Ohne uns geht es nicht - 150 Jahrfeier MLLV

150 Jahre Einsatz für Bildungsgerechtigkeit, Berufszufriedenheit und bessere Bildung. Das bedeutet 150 Jahre Münchner Lehrerinnen- und Lehrerverband. Dies feierte der MLLV am 8. November in der Allerheiligen - Hofkirche. Bewusst entschied sich der Verband für die Feier in der Kirche in der königlichen Residenz Münchens, um Bildung den Stellenwert zu geben, den sie verdient und auch um dem Bezirksverband des BLLV, mit der besonderen Situation Münchens und den vielfältigen Herausforderungen, die Würdigung zu geben, die er verdient.

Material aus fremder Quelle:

lemma set_integral_bounded_linear:
  fixes f :: "'a \<Rightarrow> 'b::{banach, second_countable_topology}"
    and L :: "'b \<Rightarrow> 'c::{banach, second_countable_topology}"
  assumes L: "bounded_linear L" and f: "set_integrable M A f"
  shows "set_integrable M A (\<lambda>x. L (f x))" and "(LINT x:A|M. L (f x)) = L (LINT x:A|M. f x)"
proof -
  have eq: "(\<lambda>x. indicator A x *\<^sub>R L (f x)) = (\<lambda>x. L (indicator A x *\<^sub>R f x))"
    using linear_scale[OF bounded_linear.linear[OF L]] by auto
  show "set_integrable M A (\<lambda>x. L (f x))"
    using L f unfolding set_integrable_def eq by (rule integrable_bounded_linear)
  show "(LINT x:A|M. L (f x)) = L (LINT x:A|M. f x)"
    using L f unfolding set_lebesgue_integral_def set_integrable_def eq by (rule integral_bounded_linear)
qed

lemma set_integrable_Icc_if_bounded:
  fixes g :: "real \<Rightarrow> 'a::{banach, second_countable_topology}"
  assumes "set_borel_measurable lborel {a..b} g" and "\<And>s. s \<in> {a..b} \<Longrightarrow> norm (g s) \<le> C"
  shows "set_integrable lborel {a..b} g"
proof (rule set_integrable_bound[where f="\<lambda>_. C"])
  show "set_integrable lborel {a..b} (\<lambda>_. C)"
    by (intro borel_integrable_atLeastAtMost' continuous_on_const)
  show "AE x in lborel. x \<in> {a..b} \<longrightarrow> norm (g x) \<le> norm C"
    using assms(2) by (auto intro!: AE_I2 order_trans[OF _ abs_ge_self])
qed (fact assms(1))

lemma set_integral_mono_set_nonneg:
  fixes g :: "real \<Rightarrow> real"
  assumes "set_integrable lborel A g" "B \<subseteq> A" "B \<in> sets lborel" "\<And>x. x \<in> A \<Longrightarrow> 0 \<le> g x"
  shows "(LINT x:B|lborel. g x) \<le> (LINT x:A|lborel. g x)"
proof -
  have "set_integrable lborel B g"
    using assms set_integrable_subset by blast
  then show ?thesis
    using assms unfolding set_lebesgue_integral_def set_integrable_def
    by (intro integral_mono) (auto simp: indicator_def)
qed

lemma set_integral_Icc_tendsto_0:
  fixes g :: "real \<Rightarrow> real"
  assumes g: "set_integrable lborel {a..b} g" and "a < b"
  shows "((\<lambda>t. LINT s:{a..t}|lborel. g s) \<longlongrightarrow> 0) (at_right a)"
proof -
  have "continuous_on {a..b} (\<lambda>t. integral {a..t} g)"
    using set_borel_integral_eq_integral(1)[OF g] by (rule indefinite_integral_continuous_1)
  moreover have "a \<in> {a..b}"
    using \<open>a < b\<close> by simp
  ultimately have "((\<lambda>t. integral {a..t} g) \<longlongrightarrow> integral {a..a} g) (at a within {a..b})"
    unfolding continuous_on_def by blast
  then have "((\<lambda>t. integral {a..t} g) \<longlongrightarrow> 0) (at_right a)"
    using \<open>a < b\<close> by (simp add: at_within_Icc_at_right)
  moreover have "\<forall>\<^sub>F t in at_right a. integral {a..t} g = (LINT s:{a..t}|lborel. g s)"
    unfolding eventually_at_right_field
  proof (intro exI[of _ b] conjI allI impI)
    fix t assume "a < t" "t < b"
    then show "integral {a..t} g = (LINT s:{a..t}|lborel. g s)"
      using set_borel_integral_eq_integral(2)[OF set_integrable_subset[OF g]] by simp
  qed (fact \<open>a < b\<close>)
  ultimately show ?thesis
    by (rule Lim_transform_eventually)
qed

Zu dem Festakt hatte der MLLV 360 Gäste geladen, darunter hochrangige Vertreter aus Politik und Gesellschaft, Bayerns Kultusminister Dr. Ludwig Spaenle und die Verbindungslehrkräfte an den Münchner Schulen, den Bindegliedern zwischen MLLV und Schule.

Das Streichquartett der Schülerinnen und Schüler des Pestalozzigymnasiums begrüßte die Gäste mit dem ersten Satz von Wolfgang Mozarts Streichquartett C-Dur KV 156.

Nach der Eröffnung des Festaktes durch die stellvertretenden Vorsitzenden des MLLV, Barbara Mang und Dr. Michael Hoderlein-Rein führte Christian Marek durch die Veranstaltung. Der MLLV - Ehrenvorsitzende präsentierte zunächst einen Film, in dem viele bekannte Gesichter aus Bildung und Politik, unter anderem Dr. Hans-Jochen Vogel, dem MLLV digitale Glückwünsche aussprachen.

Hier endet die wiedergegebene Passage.